Quittant l’Inde védique, le chapitre 5 étudie le culte des Dioscures dans le monde grec (p. 126-147). Walker prend le temps de rappeler la place importante des dieux-jumeaux à Sparte, faisant le rapprochement entre les rites d’initiation et les jeunes ( kouroi) Castor et Pollux, mais évoquant aussi le fait que ceux-ci étaient liés aux rois spartiates. Dans cette cité, les Dioscures interviennent dans les affaires humaines, que cela soit dans un cadre militaire, ou dans celui de l’hospitalité. Dans le monde grec en général, les Jumeaux sont invités au banquet ( theoxenia), dans lequel ils font figure de véritables hôtes. Ils peuvent par ailleurs apparaître comme des sauveurs ( Sôteres), lors des batailles ou bien lors de naufrages.
Le chapitre 6, très stimulant, est consacré à l’étude des différents mythes concernant les Dioscures (p. 148-180). Il s’agit de montrer l’ambiguïté ontologique des dieux-jumeaux par l’analyse de leur statut, de leur parenté, de leur lien avec leur sœur Hélène et avec les chevaux dans la mythologie. Faisant siens les propos de W. Burkert à leur sujet, Walker montre qu’ils oscillent entre le domaine chthonien et le domaine divin, ce qui leur donne des pouvoirs particuliers. L’analyse très précise de la naissance d’Hélène, et en particulier d’une version hellénistique qui indique que Castor et Pollux sont nés dans un œuf, tandis que leur sœur Hélène est née dans un autre œuf, avec Clytemnestre (leur mère Léda s’étant unie non seulement avec Tyndare, mais aussi avec Zeus métamorphosé en cygne), offre au lecteur de remarquables pages sur les conceptions grecques touchant à la naissance, la gémellité et l’autochthonie. Walker constate ainsi les liens profonds entre la violence des dieux Olympiens et la naissance des Dioscures : « The god Poseidôn violates an outraged goddess or the earth itself and produces the first horse. The god Zeus violates a goddess of outrage and produces Helenê. The Dioskouroi will end up being the gods of the horse and the brothers of Helenê, benevolent saviours strangely connected with deeds of primitive savagery by Olympian gods” (p. 162). Il fait par ailleurs la remarque que si les Aśvins sont indissociables, les Dioscures connaissent, eux, une forme d’individualisation : Castor est un héros mortel, alors que Pollux bénéficie de l’immortalité – autre aspect de leur ambiguïté.
Le dernier chapitre, assez court (p. 181-191) évoque comment le culte des Dioscures s’est établi en Italie. Populaire en Grande-Grèce depuis le milieu du 6 ème siècle av. J.-C., il se développe en Étrurie à la fin de ce siècle. Dans le Latium, les dieux-jumeaux sont assimilés aux Pénates. Ils sont introduits à Rome au 5 ème siècle av. J.-C. : en 484, un temple leur est dédié sur le forum. Ils sont honorés comme étant les dieux des cavaliers, mais ils prennent aussi une place importante auprès du peuple de Rome. Leur popularité ne s’est pas démentie jusqu’au 5 ème siècle de notre ère.

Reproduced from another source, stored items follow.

(* Let $m$ be a number and $p\ge 0$ an integer, and suppose the ball $\langle m;-\frac{1}{2^p}\rangle$ is balanced. Then $\langle m;-\frac{1}{2^p}\rangle\mathbin{:}\underline{0}\triangleq\langle m;-\frac{1}{2^{p+1}}\rangle$, and $\langle m;-\frac{1}{2^{p+1}}\rangle$ is also balanced.
   Context: Games are short normal-play combinatorial games, written $\{L\mid R\}$, with disjunctive sum $G+H\cong\{L(G)+H,G+L(H)\mid R(G)+H,G+R(H)\}$ and negation $-G\cong\{-R(G)\mid-L(G)\}$. Ordinal sum: $G\mathbin{:}H\cong\{L(G),\,G\mathbin{:}L(H)\mid R(G),\,G\mathbin{:}R(H)\}$. A number is a game with $G^L<G<G^R$ for all options; values are dyadic rationals. For numbers $m,\Delta$, the ball $\langle m;\Delta\rangle$ is the game $\{x\mid y\}$ with $x,y$ the canonical forms of $m+\Delta$, $m-\Delta$; it is balanced if $\langle m;\Delta\rangle+\langle m;\Delta\rangle=m+m$. $\underline{0}$ is the literal game $1+(-1)\cong\{-1\mid 1\}$ (canonical $1\cong\{0\mid\}$, $-1\cong\{\mid 0\}$). Equivalence modulo domination: $G\triangleq H$ means that in $G+(-H)$, for every move by either player as first player in one summand, the other player has a response in the other summand after which the responder wins. *)

theory Defs
  imports Main "HOL.Rat"
begin

text \<open>A game form {L | R}; options are given as finite lists (order is irrelevant,
  all notions below only use the sets of options).\<close>
datatype game = Game "game list" "game list"

fun LO :: "game \<Rightarrow> game list" where "LO (Game l r) = l"
fun RO :: "game \<Rightarrow> game list" where "RO (Game l r) = r"

fun gneg :: "game \<Rightarrow> game" where
  "gneg (Game l r) = Game (map gneg r) (map gneg l)"

function gsum :: "game \<Rightarrow> game \<Rightarrow> game" where
  "gsum (Game gl gr) (Game hl hr) =
     Game (map (\<lambda>x. gsum x (Game hl hr)) gl @ map (\<lambda>y. gsum (Game gl gr) y) hl)
          (map (\<lambda>x. gsum x (Game hl hr)) gr @ map (\<lambda>y. gsum (Game gl gr) y) hr)"
  by pat_completeness auto
termination
  by (relation "measure (\<lambda>(g, h). size g + size h)")
     (auto, (metis le_imp_less_Suc le_refl size_list_estimation' trans_le_add1 trans_le_add2)+)

fun osum :: "game \<Rightarrow> game \<Rightarrow> game" where
  "osum g (Game hl hr) = Game (LO g @ map (osum g) hl) (RO g @ map (osum g) hr)"

text \<open>Normal play: \<open>wins True G\<close> means Left, moving first in G, has a winning
  strategy; \<open>wins False G\<close> the same for Right.\<close>
fun wins :: "bool \<Rightarrow> game \<Rightarrow> bool" where
  "wins True (Game l r) = (\<exists>x\<in>set l. \<not> wins False x)"
| "wins False (Game l r) = (\<exists>x\<in>set r. \<not> wins True x)"

definition gge :: "game \<Rightarrow> game \<Rightarrow> bool" where
  "gge g h \<longleftrightarrow> \<not> wins False (gsum g (gneg h))"

definition geq :: "game \<Rightarrow> game \<Rightarrow> bool" where
  "geq g h \<longleftrightarrow> gge g h \<and> gge h g"

definition dyadic :: "rat \<Rightarrow> bool" where
  "dyadic q \<longleftrightarrow> (\<exists>a::int. \<exists>k::nat. q = of_int a / 2 ^ k)"

fun natg :: "nat \<Rightarrow> game" where
  "natg 0 = Game [] []"
| "natg (Suc n) = Game [natg n] []"

definition intg :: "int \<Rightarrow> game" where
  "intg a = (if a \<ge> 0 then natg (nat a) else gneg (natg (nat (- a))))"

text \<open>\<open>dyg a k\<close> is the canonical form of a/2^k: for odd a and k \<ge> 1 it is
  {(a-1)/2^k | (a+1)/2^k} (in canonical form).\<close>
fun dyg :: "int \<Rightarrow> nat \<Rightarrow> game" where
  "dyg a 0 = intg a"
| "dyg a (Suc k) = (if even a then dyg (a div 2) k
                    else Game [dyg ((a - 1) div 2) k] [dyg ((a + 1) div 2) k])"

definition canon :: "rat \<Rightarrow> game" where
  "canon q = (let k = (LEAST k::nat. \<exists>a::int. q = of_int a / 2 ^ k)
              in dyg \<lfloor>q * 2 ^ k\<rfloor> k)"

definition ball :: "rat \<Rightarrow> rat \<Rightarrow> game" where
  "ball m d = Game [canon (m + d)] [canon (m - d)]"

definition balanced :: "rat \<Rightarrow> rat \<Rightarrow> bool" where
  "balanced m d \<longleftrightarrow> geq (gsum (ball m d) (ball m d)) (gsum (canon m) (canon m))"

text \<open>The literal game 1 + (-1) (which is {-1 | 1}).\<close>
definition zero_u :: game where
  "zero_u = gsum (canon 1) (gneg (canon 1))"

text \<open>G \<triangleq> H: in G + (-H), every first move by either player in one summand has an
  answer by the other player in the other summand after which the responder wins
  (i.e. the player to move next, moving first, loses).  Note L(-H) = -R(H) and
  R(-H) = -L(H).\<close>
definition dom_equiv :: "game \<Rightarrow> game \<Rightarrow> bool" where
  "dom_equiv g h \<longleftrightarrow>
     (\<forall>gl\<in>set (LO g). \<exists>hl\<in>set (LO h). \<not> wins True (gsum gl (gneg hl))) \<and>
     (\<forall>hr\<in>set (RO h). \<exists>gr\<in>set (RO g). \<not> wins True (gsum gr (gneg hr))) \<and>
     (\<forall>gr\<in>set (RO g). \<exists>hr\<in>set (RO h). \<not> wins False (gsum gr (gneg hr))) \<and>
     (\<forall>hl\<in>set (LO h). \<exists>gl\<in>set (LO g). \<not> wins False (gsum gl (gneg hl)))"

end

theory Submission
  imports Defs
begin

text \<open>
  Write \<open>D\<^sub>p\<close> for the multiples of \<open>1/2^p\<close>. If \<open>m \<in> D\<^sub>p\<close>, the options of the
  canonical form of \<open>m\<close> lie outside the open interval \<open>(m - 1/2^p, m + 1/2^p)\<close>, so by the
  simplicity theorem the ball \<open>{m - 1/2^p | m + 1/2^p}\<close> equals \<open>m\<close> and is balanced. If
  \<open>m \<notin> D\<^sub>p\<close>, the interval contains a simpler dyadic \<open>c \<noteq> m\<close>, the ball equals \<open>c\<close>,
  and balance would force \<open>c + c = m + m\<close>, i.e. \<open>c = m\<close>. So the hypothesis says
  \<open>m \<in> D\<^sub>p \<subseteq> D\<^sub>p\<^sub>+\<^sub>1\<close>, which gives balance at \<open>p + 1\<close>.

  With \<open>A, B, M\<close> the canonical forms of \<open>m - 1/2^p, m + 1/2^p, m\<close> and \<open>G = {A | B} = M\<close>,
  the canonical forms of \<open>m \<mp> 1/2^(p+1)\<close> are \<open>{A | M}\<close> and \<open>{M | B}\<close>, while the
  ordinal sum of \<open>G\<close> with the literal zero is \<open>{A, {A | B, G} | B, {A, G | B}}\<close>. Its options
  \<open>{A | B, G}\<close> and \<open>{A, G | B}\<close> equal \<open>{A | M}\<close> and \<open>{M | B}\<close>, and its options
  \<open>A < {A | M}\<close> and \<open>B > {M | B}\<close> are dominated.
\<close>

section \<open>Order and sums of games\<close>

lemma size_LO_less: "x \<in> set (LO g) \<Longrightarrow> size x < size g"
  by (cases g) (auto simp: less_Suc_eq_le intro: size_list_estimation' trans_le_add1)

lemma size_RO_less: "x \<in> set (RO g) \<Longrightarrow> size x < size g"
  by (cases g) (auto simp: less_Suc_eq_le intro: size_list_estimation' trans_le_add2)

lemma LO_gsum: "LO (gsum g h) = map (\<lambda>x. gsum x h) (LO g) @ map (gsum g) (LO h)"
  by (cases g; cases h) auto

lemma RO_gsum: "RO (gsum g h) = map (\<lambda>x. gsum x h) (RO g) @ map (gsum g) (RO h)"
  by (cases g; cases h) auto

lemma wins_True_iff: "wins True g \<longleftrightarrow> (\<exists>x\<in>set (LO g). \<not> wins False x)"
  by (cases g) auto

lemma wins_False_iff: "wins False g \<longleftrightarrow> (\<exists>x\<in>set (RO g). \<not> wins True x)"
  by (cases g) auto

lemma gneg_gneg [simp]: "gneg (gneg g) = g"
  by (induction g) (auto simp: map_idI)

lemma gneg_gsum: "gneg (gsum g h) = gsum (gneg g) (gneg h)"
  by (induction g h rule: gsum.induct) auto

lemma wins_gneg: "wins b (gneg g) = wins (\<not> b) g"
  by (induction g arbitrary: b) (case_tac b; auto)+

La conclusion permet de faire la synthèse de toutes ces riches analyses : les cavaliers-jumeaux en Inde et dans le monde grec sont à la fois dieux et jeunes, proches des hommes et pas tout à fait dieux, dans cet entre-deux qui fait leur spécificité.
Si on peut regretter l’absence de figures qui auraient permis de mieux illustrer les analyses des représentations figurées, le livre de Henry John Walker est un travail de grande qualité, composé de réflexions denses et fort stimulantes pour qui s’intéresse aux mythologies indienne et grecque.